Association of selected adipokines with metabolic syndrome and cardio-metabolic risk factors in young males.

The study aimed to investigate association of circulating leptin, adiponectin, chemerin, and omentin-1 with metabolic syndrome (MetS) and cardio-metabolic risk factors in youths. Thirty eight young males were enrolled. Participants underwent anthropometric and blood pressure measures, and fasting blood sampling. Plasma leptin, adiponectin, chemerin, omentin-1 and insulin were measured by ELISA methods.

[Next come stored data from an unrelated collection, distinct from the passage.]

(* A point x of F_2^{binom([n],<=2)} is represented by its support, a subset of edges n;
   x(e) = 1 iff e \<in> x, so prod_{e in F} x(e) = 1 iff F \<subseteq> x.
   Values in Z_{2^k} are represented by integers, compared modulo 2^k. *)
definition int_poly_rep ::
  "nat \<Rightarrow> nat \<Rightarrow> nat \<Rightarrow> (nat set set \<Rightarrow> int) \<Rightarrow> int \<Rightarrow> (nat set set \<Rightarrow> int) \<Rightarrow> bool" where
  "int_poly_rep n k d Q \<alpha> lam \<longleftrightarrow>
     (\<forall>x. x \<subseteq> edges n \<longrightarrow>
        [Q x = \<alpha> + (\<Sum>F\<in>le_subsets (edges n) d. lam F * (if F \<subseteq> x then 1 else 0))] (mod 2^k))"

definition is_int_poly :: "nat \<Rightarrow> nat \<Rightarrow> nat \<Rightarrow> (nat set set \<Rightarrow> int) \<Rightarrow> bool" where
  "is_int_poly n k d Q \<longleftrightarrow> (\<exists>\<alpha> lam. int_poly_rep n k d Q \<alpha> lam)"

definition int_poly_deg :: "nat \<Rightarrow> nat \<Rightarrow> (nat set set \<Rightarrow> int) \<Rightarrow> nat" where
  "int_poly_deg n k Q = (LEAST d. is_int_poly n k d Q)"

definition hj_b :: "nat \<Rightarrow> (nat \<Rightarrow> nat set) \<Rightarrow> nat set \<Rightarrow> nat set set" where
  "hj_b n I q = {p \<in> edges n. p \<subseteq> (\<Union>i\<in>q. I i) \<and> (\<forall>i\<in>q. p \<inter> I i \<noteq> {})}"

(* Id_I(x) = sum_q x(q) b_q over F_2 *)
definition hj_Id :: "nat \<Rightarrow> (nat \<Rightarrow> nat set) \<Rightarrow> nat set set \<Rightarrow> nat set set" where
  "hj_Id n I x = {p \<in> edges n. odd (card {q \<in> x. p \<in> hj_b n I q})}"

(* the embedding e = Id_I + c (addition in F_2 = symmetric difference of supports) *)
definition hj_emb :: "nat \<Rightarrow> (nat \<Rightarrow> nat set) \<Rightarrow> nat set set \<Rightarrow> nat set set \<Rightarrow> nat set set" where
  "hj_emb n I c x = (hj_Id n I x - c) \<union> (c - hj_Id n I x)"

definition hj_data :: "nat \<Rightarrow> nat \<Rightarrow> (nat \<Rightarrow> nat set) \<Rightarrow> nat set set \<Rightarrow> bool" where
  "hj_data n m I c \<longleftrightarrow>
     1 \<le> m \<and> m \<le> n \<and>
     (\<forall>i\<in>{1..m}. I i \<noteq> {} \<and> I i \<subseteq> {1..n}) \<and>
     (\<forall>i\<in>{1..m}. \<forall>j\<in>{1..m}. i \<noteq> j \<longrightarrow> I i \<inter> I j = {}) \<and>
     (\<forall>i. 1 \<le> i \<and> i < m \<longrightarrow> Min (I i) < Min (I (Suc i))) \<and>
     c \<subseteq> edges n \<and>
     c \<inter> le_subsets (\<Union>i\<in>{1..m}. I i) 2 = {}"

definition hj_block :: "nat \<Rightarrow> nat \<Rightarrow> (nat \<Rightarrow> nat set) \<Rightarrow> nat set set \<Rightarrow> bool" where
  "hj_block n m I c \<longleftrightarrow> hj_data n m I c \<and>
     (\<forall>i. 1 \<le> i \<and> i < m \<longrightarrow> Max (I i) < Min (I (Suc i)))"

definition hj_type :: "nat set set \<Rightarrow> nat set set" where
  "hj_type F = (let U = \<Union>F; u = (\<lambda>i. sorted_list_of_set U ! (i - 1))
                in {S. S \<subseteq> {1..card U} \<and> u ` S \<in> F})"

definition canonical_in :: "nat \<Rightarrow> nat \<Rightarrow> nat set \<Rightarrow> (nat set set \<Rightarrow> int) \<Rightarrow> bool" where
  "canonical_in k d X lam \<longleftrightarrow>
     (\<forall>F1 F2. F1 \<in> le_subsets (le_subsets X 2) d \<longrightarrow> F2 \<in> le_subsets (le_subsets X 2) d \<longrightarrow>
        hj_type F1 = hj_type F2 \<longrightarrow> [lam F1 = lam F2] (mod 2^k))"

end

theory Submission
  imports Defs
begin

text \<open>
  Substituting the block embedding \<open>e\<^sub>V\<close> into the monomial of a family \<open>F\<close> of edges gives
  zero, a constant, or the monomial of the set of block patterns of the wildcard edges of \<open>F\<close>.
  Hence \<open>Q \<circ> e\<^sub>V\<close> has degree at most \<open>d\<close>, and the coefficient of a \<open>d\<close>-set \<open>H\<close> is the sum
  of \<open>\<lambda>\<^sub>F\<close> over the families \<open>F\<close> of \<open>d\<close> wildcard edges whose block patterns run bijectively
  through \<open>H\<close>. Fix a block \<open>I\<^sub>i\<close> met by \<open>H\<close>. Moving the points of \<open>\<Union>F \<inter> I\<^sub>i\<close> increasingly
  onto any other subset of \<open>I\<^sub>i\<close> of the same size keeps \<open>F\<close> in this set of families and,
  because the blocks are intervals, preserves the order of \<open>\<Union>F\<close>; so it preserves the type of
  \<open>F\<close> and, by canonicity, \<open>\<lambda>\<^sub>F\<close> modulo \<open>2\<^sup>k\<close>. The families with \<open>|\<Union>F \<inter> I\<^sub>i| = s\<close>
  therefore contribute \<open>C(|I\<^sub>i|, s)\<close> copies of one fibre sum, and \<open>1 \<le> s \<le> d + 1\<close> makes
  \<open>C((d + 1)! 2\<^sup>k, s)\<close> divisible by \<open>2\<^sup>k\<close>.
\<close>

section \<open>Increasing relabellings of finite sets of naturals\<close>

definition rank :: "nat set \<Rightarrow> nat \<Rightarrow> nat" where
  "rank A x = card {a\<in>A. a < x}"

Multiple linear regression models, adjusting for age, MetS traits, C-reactive protein (CRP) and homeostasis model assessment of insulin resistance (HOMA-IR), were applied to determine correlates for each adipokine. Eleven participants meet criteria of MetS. These individuals had higher leptin and chemerin and lower adiponectin plasma concentrations than those without MetS. Plasma leptin and chemerin were positively related, and adiponectin and omentin-1 were inversely related to cardio-metabolic traits. In multivariate models, predictors of leptin were age (β, 0.20, P = 0.01), abdominal obesity (β, 0.24, P = 0.06), raised blood pressure (β, 0.40, P = 0.01), raised triglycerides (β, 0.19, P = 0.01) and CRP (β, 0.31, P = 0.01). Chemerin was associated with abdominal obesity (β, 0.33, P = 0.09) and CRP (β, 0.29, P = 0.04), and adiponectin was associated with raised triglycerides (β, -0.26, P = 0.05), decreased HDL-C (β, -0.28, P = 0.06) and CRP (β, -0.48, P = 0.01). HOMA-IR (β, -0.39, P = 0.09) was the only predictor for omentin. MetS is associated with an altered plasma adipokines profile, with increased leptin and chemerin and decreased adiponectin circulating levels. These findings suggest a beneficial potential of adiponectin and omentin, but a detrimental potential of leptin and chemerin. Further research is needed to lighten the role of adipose tissue-derived adipokines in cardio-metabolic health.